On Monday the council briefly discussed Councilor Sharon Ahern's proposal to approve a resolution announcing the council's opposition to the "Preservation of Safe Airspace" bill. The council appeared to agree on taking up Ahern's idea at a meeting in the future, although when a vote was called none of the councilors spoke to say either "yes" or "no" and votes were not counted by the council or town employees.
In October the council voted to deny RIAC's request for it to write a letter in support of the bill. More recently, Ahern asked the council to go a step further and approve a resolution in opposition to the bill.
John Goodman, RIAC spokesman, spoke to the council by phone Monday and said the bill would "not give new powers to the state but only clarify language that the state is able to mitigate airspace hazards."
Ahern disagreed with Goodman's explanation, saying the bill would take away the the town's authority to regulate airspace.
"If this bill is signed it will be sacrificing local control," Ahern said.
The municipalities of Warwick and Middletown have already formally stated their opposition to the bill, Ahern noted.
The question of whether the state has the right to mitigate airspace hazards is a central one in a lawsuit filed by four Westerly property owners against RIAC. The lawsuit claims RIAC and the state Department of Transportation lacked proper authority to take avigation easements to remove trees from the property owners' land. The case is pending in Superior Court and the trees have been left standing at least until the lawsuit is resolved.
Current state law, Ahern said, includes a provision for "local control." The bill supported by RIAC, Ahern said, would also undermine the town's zoning regulations. The resolution would let the town's state legislators know the council's stance, Ahern said.
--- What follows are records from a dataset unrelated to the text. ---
(* Define the multiplicative function $f$ by $f(1)=1$ and, for primes $p$ and $\nu\ge1$, $$f(p^\nu)=\begin{cases}\big(1+\frac2p\big)^{-1}\big(1-\frac1p\big)^{-2}\Big(1+\frac4p+\frac1{p^2}-\frac{3\nu+4}{p^{\nu+1}}-\frac{4}{p^{\nu+2}}+\frac{3\nu+2}{p^{\nu+3}}\Big), & p>2,\\[2mm] \frac{52}{11}-\frac{41+15\nu}{11\cdot 2^{\nu}}, & p=2,\end{cases}$$ and for $h\in\mathbb{N}$ put $c_h=\frac{11}{8}f(h)\prod_p(1-\frac1p)^2(1+\frac2p)$. For $X>1$ and $H\ge1$ let $\Sigma_2=\sum_{h\le H}c_hX(\log X)^3$. Then $$\Sigma_2=cXH(\log X)^3+O\big(XH^{\frac12}(\log X)^3\big),\qquad c=\frac43\prod_{p>2}\Big(1+\frac1p\Big)^{-1}\Big(1+\frac1p+\frac1{p^2}\Big),$$ with an absolute implied constant.
   Context: Sums over $h$ run over positive integers; products over $p$ are over primes. *)

theory Defs
  imports "HOL-Analysis.Analysis" "HOL-Computational_Algebra.Primes"
begin

definition fpp :: "nat \<Rightarrow> nat \<Rightarrow> real" where
  "fpp p \<nu> =
     (if p = 2 then 52/11 - (41 + 15 * real \<nu>) / (11 * 2 ^ \<nu>)
      else inverse (1 + 2 / real p) * inverse ((1 - 1 / real p)\<^sup>2) *
           (1 + 4 / real p + 1 / (real p)\<^sup>2
              - (3 * real \<nu> + 4) / real p ^ (\<nu> + 1)
              - 4 / real p ^ (\<nu> + 2)
              + (3 * real \<nu> + 2) / real p ^ (\<nu> + 3)))"

definition f :: "nat \<Rightarrow> real" where
  "f n = (\<Prod>p\<in>prime_factors n. fpp p (multiplicity p n))"

definition c_coef :: "nat \<Rightarrow> real" where
  "c_coef h = 11/8 * f h *
     (\<Prod>p. if prime p then (1 - 1 / real p)\<^sup>2 * (1 + 2 / real p) else 1)"

definition c_const :: real where
  "c_const = 4/3 *
     (\<Prod>p. if prime p \<and> p > 2
            then inverse (1 + 1 / real p) * (1 + 1 / real p + 1 / (real p)\<^sup>2) else 1)"

definition Sigma2 :: "real \<Rightarrow> real \<Rightarrow> real" where
  "Sigma2 X H = (\<Sum>h\<in>{1..nat \<lfloor>H\<rfloor>}. c_coef h * X * (ln X) ^ 3)"

end

theory Submission
  imports Defs "HOL-Probability.Probability_Mass_Function"
begin
lemma det_checkerboard_basis:
  fixes S :: "'n::finite set"
  assumes "p \<in> S"
  shows "det (checkerboard_basis S p c) = 2 * sqrt 2 ^ (CARD('n) - card S) * c ^ CARD('n)"
proof -
  have "det (checkerboard_basis S p c) = (\<Prod>i\<in>UNIV. checkerboard_basis S p c $ i $ i)"
    by (rule det_diagonal_except_row[of p]) (simp add: checkerboard_basis_def)
  also have "\<dots> = 2 * c * (\<Prod>i\<in>UNIV-{p}. coord_weight S c i)"
    by (simp add: prod.remove[of UNIV p] checkerboard_basis_def)
  also have "\<dots> = 2 * (\<Prod>i\<in>UNIV. coord_weight S c i)"
    using assms by (simp add: prod.remove[of UNIV p] coord_weight_def)
  also have "(\<Prod>i\<in>UNIV. coord_weight S c i) = c ^ card S * (sqrt 2 * c) ^ (CARD('n) - card S)"
    by (simp add: coord_weight_def prod.If_cases Compl_eq_Diff_UNIV card_Diff_subset)
  also have "\<dots> = sqrt 2 ^ (CARD('n) - card S) * c ^ CARD('n)"
    using card_mono[of UNIV S] by (simp add: power_mult_distrib mult.left_commute flip: power_add)
  finally show ?thesis by simp
qed

definition checkerboard_form :: "'n set \<Rightarrow> int^'n::finite \<Rightarrow> int" where
  "checkerboard_form S v = (\<Sum>i\<in>UNIV. (if i \<in> S then 1 else 2) * (v$i)^2)"

lemma norm_weighted_point:
  fixes S :: "'n::finite set"
  assumes "0 \<le> c"
  shows "norm (weighted_point S c v) = c * sqrt (of_int (checkerboard_form S v))"
proof -
  have "(\<Sum>i\<in>UNIV. (weighted_point S c v $ i)^2)
      = (\<Sum>i\<in>UNIV. c^2 * of_int ((if i \<in> S then 1 else 2) * (v$i)^2))"
    by (intro sum.cong) (auto simp: weighted_point_def coord_weight_def power_mult_distrib)
  hence "norm (weighted_point S c v) = sqrt (c^2 * of_int (checkerboard_form S v))"
    by (simp add: norm_vec_def L2_set_def checkerboard_form_def sum_distrib_left)
  thus ?thesis using assms by (simp add: real_sqrt_mult)
qed

lemma int_square_ge_one: "(m::int) \<noteq> 0 \<Longrightarrow> 1 \<le> m^2"
proof -
  assume "m \<noteq> 0"
  hence "1 * 1 \<le> \<bar>m\<bar> * \<bar>m\<bar>" by (intro mult_mono) auto
  thus ?thesis by (simp add: power2_eq_square)
qed

lemma checkerboard_form_ge_two:
  fixes v :: "int^'n::finite"
  assumes even: "even (\<Sum>i\<in>S. v$i)" and "v \<noteq> 0"
  shows "2 \<le> checkerboard_form S v"
proof -
  define g where "g i = (if i \<in> S then 1 else 2) * (v$i)^2" for i
  have sub: "sum g A \<le> checkerboard_form S v" for A
    unfolding checkerboard_form_def g_def[abs_def] by (intro sum_mono2) auto
  have g_ge: "(if i \<in> S then 1 else 2) \<le> g i" if "v$i \<noteq> 0" for i
    using int_square_ge_one[OF that] by (simp add: g_def)
  obtain i where i: "v$i \<noteq> 0" using assms(2) by (metis vec_eq_iff zero_index)
  consider (outside) j where "j \<notin> S" "v$j \<noteq> 0"
    | (two) j where "i \<in> S" "j \<in> S" "j \<noteq> i" "v$j \<noteq> 0"
    | (single) "i \<in> S" "\<And>j. j \<noteq> i \<Longrightarrow> v$j = 0"
    using i by blast
  thus ?thesis
  proof cases
    case outside
    thus ?thesis using g_ge[of j] sub[of "{j}"] by simp
  next
    case two
    thus ?thesis using g_ge[of i] g_ge[of j] i sub[of "{i, j}"] by simp
  next
    case single
    have "(\<Sum>j\<in>S-{i}. v$j) = 0"
      using single(2) by (intro sum.neutral) auto
    hence "(\<Sum>j\<in>S. v$j) = v$i"
      using single(1) by (simp add: sum.remove[of S i])
    then obtain n where "v$i = 2 * n" using even by (auto elim: evenE)
    with i have "4 \<le> (v$i)^2" using int_square_ge_one[of n] by (simp add: power_mult_distrib)
    thus ?thesis using single sub[of "{i}"] by (simp add: g_def)
  qed
qed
In July an amended version of the bill was approved by the state Senate by a 35-1 vote, with two senators not voting. The council resolution would be aimed at a state House of Representatives version of the bill.
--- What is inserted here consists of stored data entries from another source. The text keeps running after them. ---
(* Let $T$ be a non-meagre subset with the Baire property of a metric space $X$, and let $G$ be a normed group, Baire in its norm topology, acting separately continuously and transitively on $X$ with the Nikodym property. Then for every convergent sequence $x_n\to x_0$ in $X$ there exist $\tau\in G$ and an integer $N$ such that $\tau x_0\in T$ and \[\{\tau(x_n):n>N\}\subseteq T.\]
   Context: A normed group is a group with a group-norm $\|\cdot\|$ (subadditive, $\|t\|>0$ for $t\ne e_G$, $\|e_G\|=0$, $\|t^{-1}\|=\|t\|$); its norm topology is that of $d_R(s,t)=\|st^{-1}\|$. A separately continuous action $\varphi:G\times X\to X$ ($\varphi(e_G,x)=x$, $\varphi(gh,x)=\varphi(g,\varphi(h,x))$, write $gx=g(x)=\varphi(g,x)$) has $x\mapsto g(x)$ continuous for each $g$ and $g\mapsto g(x)$ continuous for each $x$; transitive means for all $x,y$ some $g$ has $g(x)=y$. Nikodym property: for every non-empty open neighbourhood $U$ of $e_G$ and every $x$, $Ux=\{u(x):u\in U\}$ contains a non-meagre set with the Baire property. *)

theory Defs
  imports "HOL-Analysis.Analysis" "HOL-Algebra.Group"
begin

definition nowhere_dense_in :: "'a topology \<Rightarrow> 'a set \<Rightarrow> bool" where
  "nowhere_dense_in X A \<longleftrightarrow> A \<subseteq> topspace X \<and> X interior_of (X closure_of A) = {}"

definition meagre_in :: "'a topology \<Rightarrow> 'a set \<Rightarrow> bool" where
  "meagre_in X A \<longleftrightarrow> A \<subseteq> topspace X \<and>
     (\<exists>F :: nat \<Rightarrow> 'a set. (\<forall>n. nowhere_dense_in X (F n)) \<and> A \<subseteq> (\<Union>n. F n))"

definition baire_property_in :: "'a topology \<Rightarrow> 'a set \<Rightarrow> bool" where
  "baire_property_in X A \<longleftrightarrow> A \<subseteq> topspace X \<and>
     (\<exists>U. openin X U \<and> meagre_in X ((A - U) \<union> (U - A)))"

definition Baire_space :: "'a topology \<Rightarrow> bool" where
  "Baire_space X \<longleftrightarrow> (\<forall>U. openin X U \<and> U \<noteq> {} \<longrightarrow> \<not> meagre_in X U)"

definition group_norm :: "('g, 'b) monoid_scheme \<Rightarrow> ('g \<Rightarrow> real) \<Rightarrow> bool" where
  "group_norm G nm \<longleftrightarrow>
     (\<forall>s\<in>carrier G. \<forall>t\<in>carrier G. nm (s \<otimes>\<^bsub>G\<^esub> t) \<le> nm s + nm t) \<and>
     (\<forall>t\<in>carrier G. t \<noteq> \<one>\<^bsub>G\<^esub> \<longrightarrow> nm t > 0) \<and>
     nm \<one>\<^bsub>G\<^esub> = 0 \<and>
     (\<forall>t\<in>carrier G. nm (inv\<^bsub>G\<^esub> t) = nm t)"

text \<open>Norm topology: the topology of the right metric d_R(s,t) = nm (s t^{-1}) on carrier G.\<close>
definition norm_topology :: "('g, 'b) monoid_scheme \<Rightarrow> ('g \<Rightarrow> real) \<Rightarrow> 'g topology" where
  "norm_topology G nm = topology (\<lambda>U. U \<subseteq> carrier G \<and>
     (\<forall>u\<in>U. \<exists>e>0. \<forall>v\<in>carrier G. nm (v \<otimes>\<^bsub>G\<^esub> inv\<^bsub>G\<^esub> u) < e \<longrightarrow> v \<in> U))"

definition sep_cont_action ::
    "('g, 'b) monoid_scheme \<Rightarrow> ('g \<Rightarrow> real) \<Rightarrow> ('g \<Rightarrow> 'x::topological_space \<Rightarrow> 'x) \<Rightarrow> bool" where
  "sep_cont_action G nm \<phi> \<longleftrightarrow>
     (\<forall>x. \<phi> \<one>\<^bsub>G\<^esub> x = x) \<and>
     (\<forall>g\<in>carrier G. \<forall>h\<in>carrier G. \<forall>x. \<phi> (g \<otimes>\<^bsub>G\<^esub> h) x = \<phi> g (\<phi> h x)) \<and>
     (\<forall>g\<in>carrier G. continuous_on UNIV (\<phi> g)) \<and>
     (\<forall>x. continuous_map (norm_topology G nm) euclidean (\<lambda>g. \<phi> g x))"

definition transitive_action :: "('g, 'b) monoid_scheme \<Rightarrow> ('g \<Rightarrow> 'x \<Rightarrow> 'x) \<Rightarrow> bool" where
  "transitive_action G \<phi> \<longleftrightarrow> (\<forall>x y. \<exists>g\<in>carrier G. \<phi> g x = y)"

definition nikodym_property ::
    "('g, 'b) monoid_scheme \<Rightarrow> ('g \<Rightarrow> real) \<Rightarrow> ('g \<Rightarrow> 'x::topological_space \<Rightarrow> 'x) \<Rightarrow> bool" where
  "nikodym_property G nm \<phi> \<longleftrightarrow>
     (\<forall>U x. openin (norm_topology G nm) U \<and> \<one>\<^bsub>G\<^esub> \<in> U \<longrightarrow>
        (\<exists>S. S \<subseteq> (\<lambda>u. \<phi> u x) ` U \<and> \<not> meagre_in euclidean S \<and> baire_property_in euclidean S))"

end

theory Submission
  imports Defs
begin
Councilors Brian McCuin and William Aiello said they were hesitant to vote on Ahern's proposal because they were not provided with a copy of the proposed bill. The bill was attached to a previous council agenda.
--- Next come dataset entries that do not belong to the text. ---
(* Let $Y$ be a nonnegative random variable with Laplace transform $L(s)=\mathbb{E}e^{-sY}$, $s\ge 0$. Suppose that for every $n\in\mathbb{N}$ there is a function $g_n$ with the following properties: (i) $g_n$ is the Laplace transform of a probability distribution on $[0,\infty)$; (ii) $g_n$ is a continuous, strictly decreasing bijection of $[0,\infty)$ onto $(0,1]$, with inverse function $g_n^{-1}$; (iii) $L(s)=\bigl[L(-\log g_n(s))\bigr]^n$ for all $s\ge 0$. Let $h$ be the Laplace transform of a nonnegative random variable and suppose there is $a>0$ with $$\sup_{s>0}\frac{|h(s)-L(s)|}{s^a}<\infty .$$ Suppose further that $$\sup_{s>0}\frac{n\,s^a}{\bigl|g_n^{-1}(e^{-s})\bigr|^a}\longrightarrow 0\quad (n\to\infty).$$ For each $n$, let $\tilde X_1(n),\dots,\tilde X_n(n)$ be i.i.d. random variables with Laplace transform $s\mapsto h(-\log g_n(s))$ (the $g_n$-normalizations of i.i.d. random variables $X_1,X_2,\dots$ with Laplace transform $h$; this function is assumed to be a Laplace transform of a probability distribution). Then $$\sum_{j=1}^n \tilde X_j(n)\xrightarrow{d} Y\quad (n\to\infty).$$
   Context: A nonnegative random variable with Laplace transform $L$ is called casual stable if for every $n\in\mathbb{N}$ there is the Laplace transform $g_n$ of a probability distribution on $[0,\infty)$ such that $L(s)=[L(-\log g_n(s))]^n$ for all $s\ge0$. Given a nonnegative random variable $X$ with Laplace transform $h$, its $g_n$-normalization is a random variable $\tilde X$ with Laplace transform $h(-\log g_n(s))$ (interpretation: each unit of $X$ is replaced by an independent random contribution with Laplace transform $g_n$). *)

theory Defs
  imports "HOL-Probability.Probability"
begin

definition is_laplace_transform :: "(real \<Rightarrow> real) \<Rightarrow> bool" where
  "is_laplace_transform \<phi> \<longleftrightarrow>
     (\<exists>\<mu>::real measure. prob_space \<mu> \<and> sets \<mu> = sets borel \<and> (AE x in \<mu>. 0 \<le> x) \<and>
        (\<forall>s\<ge>0. \<phi> s = (\<integral>x. exp (- (s * x)) \<partial>\<mu>)))"

end

theory Submission imports Defs "HOL-Analysis.Weierstrass_Theorems" begin

(* Write S_n for the normalized row sum.  By independence, the
   Laplace transform of S_n is  h(u_n(s))^n  with  u_n(s) = -log g_n(s), while
   stability gives  L(s) = L(u_n(s))^n.  Since h and L take values in [0,1],
   |h(u)^n - L(u)^n| <= n |h(u) - L(u)| <= C n u^a, and the growth hypothesis on
   the inverse of g_n bounds  n u_n(s)^a  by  r_n s^a  with  r_n -> 0.  Hence the
   Laplace transforms of S_n converge pointwise to L.
   A continuity theorem for Laplace transforms turns this into weak convergence:
   convergence at s = 0,1,2,... is convergence of all moments of the [0,1]-valued
   variables exp(-S_n); by the Weierstrass approximation theorem this yields
   convergence of E phi(exp(-S_n)) for every continuous phi, and the continuous
   step functions used by the library's weak-convergence criterion are of this form. *)

lemma laplace_integral_bounds:
  fixes X :: "'a \<Rightarrow> real" and s :: real
  assumes "prob_space \<mu>" "X \<in> borel_measurable \<mu>" "AE x in \<mu>. 0 \<le> X x" "0 \<le> s"
  shows "integrable \<mu> (\<lambda>x. exp (- (s * X x)))"
    and "0 \<le> (\<integral>x. exp (- (s * X x)) \<partial>\<mu>)"
    and "(\<integral>x. exp (- (s * X x)) \<partial>\<mu>) \<le> 1"
proof -
  interpret prob_space \<mu> by fact
  have bound: "AE x in \<mu>. norm (exp (- (s * X x))) \<le> 1"
    using assms(3) by eventually_elim (use assms(4) in simp)
  show int: "integrable \<mu> (\<lambda>x. exp (- (s * X x)))"
    by (rule integrable_const_bound[OF bound]) (use assms(2) in simp)
  show "0 \<le> (\<integral>x. exp (- (s * X x)) \<partial>\<mu>)" by simp
  have "(\<integral>x. exp (- (s * X x)) \<partial>\<mu>) \<le> (\<integral>x. 1 \<partial>\<mu>)"
    by (rule integral_mono_AE[OF int]) (use bound in auto)
  then show "(\<integral>x. exp (- (s * X x)) \<partial>\<mu>) \<le> 1" by (simp add: prob_space)
qed

lemma laplace_transform_range:
  assumes "is_laplace_transform \<phi>"
  shows "\<phi> 0 = 1" and "\<And>s. 0 \<le> s \<Longrightarrow> 0 \<le> \<phi> s \<and> \<phi> s \<le> 1"
proof -
  obtain \<mu> :: "real measure" where \<mu>: "prob_space \<mu>" "sets \<mu> = sets borel"
    "AE x in \<mu>. 0 \<le> x" "\<forall>s\<ge>0. \<phi> s = (\<integral>x. exp (- (s * x)) \<partial>\<mu>)"
    using assms unfolding is_laplace_transform_def by blast
  have "(\<lambda>x. x) \<in> borel_measurable \<mu>"
    using \<mu>(2) by (simp add: measurable_ident_sets)
  from laplace_integral_bounds(2,3)[OF \<mu>(1) this \<mu>(3)] \<mu>(4)
  show "\<And>s. 0 \<le> s \<Longrightarrow> 0 \<le> \<phi> s \<and> \<phi> s \<le> 1" by simp
  show "\<phi> 0 = 1" using \<mu>(4) prob_space.prob_space[OF \<mu>(1)] by simp
qed

lemma is_laplace_transform_rv:
  assumes "prob_space M" "Y \<in> borel_measurable M" "AE \<omega> in M. 0 \<le> Y \<omega>"
    and "\<forall>s\<ge>0. L s = (\<integral>\<omega>. exp (- (s * Y \<omega>)) \<partial>M)"
  shows "is_laplace_transform L"
  unfolding is_laplace_transform_def
proof (intro exI conjI allI impI)
  show "prob_space (distr M borel Y)"
    using prob_space.prob_space_distr[OF assms(1,2)] .
  show "sets (distr M borel Y) = sets borel" by simp
  show "AE x in distr M borel Y. 0 \<le> x"
    using assms(2,3) by (subst AE_distr_iff) auto
  fix s :: real assume "0 \<le> s"
  then show "L s = (\<integral>x. exp (- (s * x)) \<partial>distr M borel Y)"
    using assms(2,4) by (subst integral_distr) auto
qed

lemma power_diff_le_unit:
  fixes x y :: real
  assumes "0 \<le> x" "x \<le> 1" "0 \<le> y" "y \<le> 1"
  shows "\<bar>x ^ n - y ^ n\<bar> \<le> real n * \<bar>x - y\<bar>"
proof (induction n)
  case 0 then show ?case by simp
next
  case (Suc n)
  have "x ^ Suc n - y ^ Suc n = x * (x ^ n - y ^ n) + y ^ n * (x - y)"
    by (simp add: algebra_simps)
  then have "\<bar>x ^ Suc n - y ^ Suc n\<bar> \<le> x * \<bar>x ^ n - y ^ n\<bar> + y ^ n * \<bar>x - y\<bar>"
    using assms by (simp add: abs_mult order_trans[OF abs_triangle_ineq])
  also have "\<dots> \<le> 1 * (real n * \<bar>x - y\<bar>) + 1 * \<bar>x - y\<bar>"
    using assms Suc by (intro add_mono mult_mono) (auto simp: power_le_one)
  finally show ?case by (simp add: algebra_simps)
qed

lemma ereal_SUP_finite_bound:
  assumes "(SUP s\<in>A. ereal (f s)) < \<infinity>" "A \<noteq> {}"
  obtains C where "\<And>s. s \<in> A \<Longrightarrow> f s \<le> C"
proof -
  obtain s0 where "s0 \<in> A" using assms(2) by blast
  then have "ereal (f s0) \<le> (SUP s\<in>A. ereal (f s))" by (rule SUP_upper)
  then obtain C where C: "(SUP s\<in>A. ereal (f s)) = ereal C"
    using assms(1) by (cases "SUP s\<in>A. ereal (f s)") auto
  show ?thesis
  proof
    fix s assume "s \<in> A"
    then have "ereal (f s) \<le> ereal C" unfolding C[symmetric] by (rule SUP_upper)
    then show "f s \<le> C" by simp
  qed
qed

lemma ereal_SUP_tendsto_zero_bound:
  assumes "(\<lambda>n. SUP s\<in>A. ereal (f n s)) \<longlonglongrightarrow> 0"
  obtains r where "r \<longlonglongrightarrow> 0" and "eventually (\<lambda>n. \<forall>s\<in>A. f n s \<le> r n) sequentially"
proof
  define D where "D n = (SUP s\<in>A. ereal (f n s))" for n
  have "D \<longlonglongrightarrow> ereal 0" using assms unfolding D_def zero_ereal_def .
  then show "(\<lambda>n. real_of_ereal (D n)) \<longlonglongrightarrow> 0" by simp
  have "eventually (\<lambda>n. D n < 1) sequentially"
    using order_tendstoD(2)[OF \<open>D \<longlonglongrightarrow> ereal 0\<close>, of 1] by simp
  then show "eventually (\<lambda>n. \<forall>s\<in>A. f n s \<le> real_of_ereal (D n)) sequentially"
  proof eventually_elim
    case (elim n)
    show ?case
    proof
      fix s assume "s \<in> A"
      then have "ereal (f n s) \<le> D n" unfolding D_def by (rule SUP_upper)
      with elim show "f n s \<le> real_of_ereal (D n)" by (cases "D n") auto
    qed
  qed
qed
On Monday, the council met in its workshop, or Committee of the Whole, mode. Binding votes can only be taken in regular meetings of the council. The vote called on Monday was to consider taking the issue up at a regular meeting.
McCuin also questioned whether the town truly has the authority that Ahern said it has.
"I don't know how the town has control over people's trees," McCuin said.
While RIAC has "mishandled" how it proceeds in the past, McCuin said the agency is simply trying to carry out a basic function.
"For safety, they want to cut the trees. That's all," McCuin said.